- **YOUR ASSIGNMENT**:
Look through the listing below and write out exactly the lines from the line with "unfolding T_def W_def" to the line with "t) \<le> real (W", both included, and no others.

- **RECORDED INFORMATION**:
++++

theorem lemma4p6:
  fixes H0 :: "'a hypergraph" and k :: nat
  assumes "k \<ge> 2"
    and "finite (fst H0)"
    and "k_uniform_hypergraph k H0"
    and "\<exists>t0. hypertriangles (ilth H0 t0) \<noteq> {}"
  shows "(\<lambda>t. real (card (hypertriangles (ilth H0 t))))
           \<in> \<Theta>(\<lambda>t. (real ((k - 1)^3 + 3 * (k - 1))) ^ t)"
proof -
  define c where "c = (k - 1)^3 + 3 * (k - 1)"
  define T where "T t = card (hypertriangles (ilth H0 t))" for t
  define W where "W t = card (triangle_walks (ilth H0 t))" for t
  note stage = ilth_stage_ilth[OF assms(1-3)]
  have walks: "W t = c ^ t * W 0" for t
    by (induction t) (use ilth_stage.card_step_triangle_walks[OF stage] in \<open>simp_all add: W_def c_def\<close>)
  have "T t \<le> W t" for t
    unfolding T_def W_def using ilth_stage.finite_triangle_walks[OF stage]
    by (simp add: card_mono hypertriangles_subset_triangle_walks)
  then have bound: "real (T t) \<le> real (W 0) * real c ^ t" for t
    by (metis walks mult.commute of_nat_le_iff of_nat_mult of_nat_power)
  have grow: "real c * real (T t) \<le> real (T (Suc t))" for t
    using ilth_stage.card_step_hypertriangles[OF stage, of t] unfolding T_def c_def
    by (metis ilth.simps(2) of_nat_le_iff of_nat_mult prod.collapse)
  obtain t0 where "hypertriangles (ilth H0 t0) \<noteq> {}" using assms(4) by blast
  then have "T t0 > 0"
    unfolding T_def using ilth_stage.finite_triangle_walks[OF stage, of t0]
    by (metis card_gt_0_iff finite_subset hypertriangles_subset_triangle_walks prod.collapse)
  moreover have "c > 0" using assms(1) by (simp add: c_def)
  ultimately have "(\<lambda>t. real (T t)) \<in> \<Theta>(\<lambda>t. real c ^ t)"
    by (intro geometric_growth_bigtheta[where B = "real (W 0)" and s = t0]) (simp_all add: grow bound)
  then show ?thesis unfolding T_def c_def .
qed
(* Let $V$ be a set of $n$ vertices partitioned into $k$ clusters of sizes $s_1\ge s_2\ge\dots\ge s_k$ (so $\sum_i s_i=n$). If $s_k<\frac{n}{4k}$, then there exists $h<k$ such that $$s_h\ge\frac{n}{2k}-h\cdot\frac{n}{4k^2}\quad\text{and}\quad s_{h+1}<\frac{n}{2k}-(h+1)\cdot\frac{n}{4k^2}.$$ Moreover, $\sum_{i\le h}s_i\ge n/2$. *)

theory Defs
  imports Complex_Main
begin

end

theory Submission
  imports Defs
begin

text \<open>Write \<open>t i = n/(2k) - i n/(4k\<^sup>2)\<close>. Since the largest cluster is at least the average
  \<open>n/k \<ge> t 1\<close> while \<open>s\<^sub>k < n/(4k) = t k\<close>, the sizes cross the decreasing line \<open>t\<close> at
  some \<open>h < k\<close>. Every cluster after \<open>h\<close> then has fewer than \<open>t (h+1) \<le> n/(2k)\<close> vertices,
  so the at most \<open>k\<close> clusters after \<open>h\<close> hold fewer than \<open>n/2\<close> vertices together.\<close>

lemma nat_exists_crossing:
  assumes "m \<le> n" and "P m" and "\<not> P n"
  shows "\<exists>i. m \<le> i \<and> i < n \<and> P i \<and> \<not> P (Suc i)"
proof (rule ccontr)
  assume no_crossing: "\<nexists>i. m \<le> i \<and> i < n \<and> P i \<and> \<not> P (Suc i)"
  from assms(1,2) have "P n"
    by (induction rule: dec_induct) (use no_crossing in auto)
  with assms(3) show False by contradiction
qed

lemma card_eq_sum_card_partition:
  assumes "finite V" and "finite I" and "(\<Union>i\<in>I. C i) = V"
    and "\<forall>i\<in>I. \<forall>j\<in>I. i \<noteq> j \<longrightarrow> C i \<inter> C j = {}"
  shows "card V = (\<Sum>i\<in>I. card (C i))"
proof -
  have "finite (C i)" if "i \<in> I" for i
    using assms(1,3) that by (auto intro: finite_subset)
  with assms(2,4) show ?thesis
    unfolding assms(3)[symmetric] by (intro card_UN_disjoint) auto
qed

lemma sum_head_ge_half:
  fixes s :: "nat \<Rightarrow> real"
  assumes antitone: "\<And>i j. 1 \<le> i \<Longrightarrow> i \<le> j \<Longrightarrow> j \<le> k \<Longrightarrow> s j \<le> s i"
    and total: "(\<Sum>i=1..k. s i) = N" and "0 \<le> N"
    and "h < k" and small: "s (h + 1) \<le> N / (2 * real k)"
  shows "(\<Sum>i=1..h. s i) \<ge> N / 2"
proof -
  have "s i \<le> N / (2 * real k)" if "i \<in> {h+1..k}" for i
    using antitone[of "h + 1" i] small that by simp
  then have "(\<Sum>i=h+1..k. s i) \<le> real (card {h+1..k}) * (N / (2 * real k))"
    by (rule sum_bounded_above)
  also have "\<dots> \<le> real k * (N / (2 * real k))"
    using \<open>0 \<le> N\<close> by (intro mult_right_mono) auto
  also have "\<dots> = N / 2"
    using \<open>h < k\<close> by simp
  finally have tail: "(\<Sum>i=h+1..k. s i) \<le> N / 2" .
  have "N = (\<Sum>i=1..h. s i) + (\<Sum>i=h+1..k. s i)"
    using total sum.ub_add_nat[of 1 h s "k - h"] \<open>h < k\<close> by simp
  with tail show ?thesis
    by linarith
qed

lemma antitone_crosses_threshold:
  fixes s :: "nat \<Rightarrow> real"
  assumes antitone: "\<And>i j. 1 \<le> i \<Longrightarrow> i \<le> j \<Longrightarrow> j \<le> k \<Longrightarrow> s j \<le> s i"
    and total: "(\<Sum>i=1..k. s i) = N" and "0 \<le> N" and "0 < k"
    and small_last: "s k < N / (4 * real k)"
  shows "\<exists>h. 1 \<le> h \<and> h < k
    \<and> s h \<ge> N / (2 * real k) - real h * (N / (4 * real k ^ 2))
    \<and> s (h + 1) < N / (2 * real k) - real (h + 1) * (N / (4 * real k ^ 2))
    \<and> (\<Sum>i=1..h. s i) \<ge> N / 2"
proof -
  define t where "t i = N / (2 * real k) - real i * (N / (4 * real k ^ 2))" for i :: nat
  have "N \<le> real k * s 1"
    using total sum_bounded_above[of "{1..k}" s "s 1"] antitone \<open>0 < k\<close> by simp
  then have "N / real k \<le> s 1"
    using \<open>0 < k\<close> by (simp add: field_simps)
  moreover have "t 1 \<le> N / real k"
    using \<open>0 \<le> N\<close> \<open>0 < k\<close> by (simp add: t_def field_simps)
  ultimately have "t 1 \<le> s 1"
    by linarith
  moreover have "\<not> t k \<le> s k"
    using small_last \<open>0 < k\<close> by (simp add: t_def field_simps power2_eq_square)
  ultimately obtain h where h: "1 \<le> h" "h < k" "t h \<le> s h" "\<not> t (Suc h) \<le> s (Suc h)"
    using nat_exists_crossing[of 1 k "\<lambda>i. t i \<le> s i"] \<open>0 < k\<close> by auto
  have "t (h + 1) \<le> N / (2 * real k)"
    using \<open>0 \<le> N\<close> by (simp add: t_def)
  then have "(\<Sum>i=1..h. s i) \<ge> N / 2"
    using h by (intro sum_head_ge_half[OF antitone total \<open>0 \<le> N\<close>]) auto
  with h show ?thesis
    unfolding t_def by auto
qed

theorem lemma4p2:
  fixes V :: "'a set" and C :: "nat \<Rightarrow> 'a set" and k n :: nat
  assumes "finite V" and "card V = n" and "0 < k"
    and "\<forall>i\<in>{1..k}. C i \<noteq> {}"
    and "\<forall>i\<in>{1..k}. \<forall>j\<in>{1..k}. i \<noteq> j \<longrightarrow> C i \<inter> C j = {}"
    and "(\<Union>i\<in>{1..k}. C i) = V"
    and "\<forall>i j. 1 \<le> i \<longrightarrow> i \<le> j \<longrightarrow> j \<le> k \<longrightarrow> card (C j) \<le> card (C i)"
    and "real (card (C k)) < real n / (4 * real k)"
  shows "\<exists>h. 1 \<le> h \<and> h < k
    \<and> real (card (C h)) \<ge> real n / (2 * real k) - real h * (real n / (4 * real k ^ 2))
    \<and> real (card (C (h + 1))) < real n / (2 * real k) - real (h + 1) * (real n / (4 * real k ^ 2))
    \<and> (\<Sum>i=1..h. real (card (C i))) \<ge> real n / 2"
proof -
  have "n = (\<Sum>i=1..k. card (C i))"
    using card_eq_sum_card_partition[of V "{1..k}" C] assms(1,2,5,6) by simp
  then have "(\<Sum>i=1..k. real (card (C i))) = real n"
    by simp
  then show ?thesis
    using assms(3,7,8) by (intro antitone_crosses_threshold) auto
qed

end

++++

- **EXPECTED OUTPUT**:
    unfolding T_def W_def using ilth_stage.finite_triangle_walks[OF stage]
    by (simp add: card_mono hypertriangles_subset_triangle_walks)
  then have bound: "real (T t) \<le> real (W 0) * real c ^ t" for t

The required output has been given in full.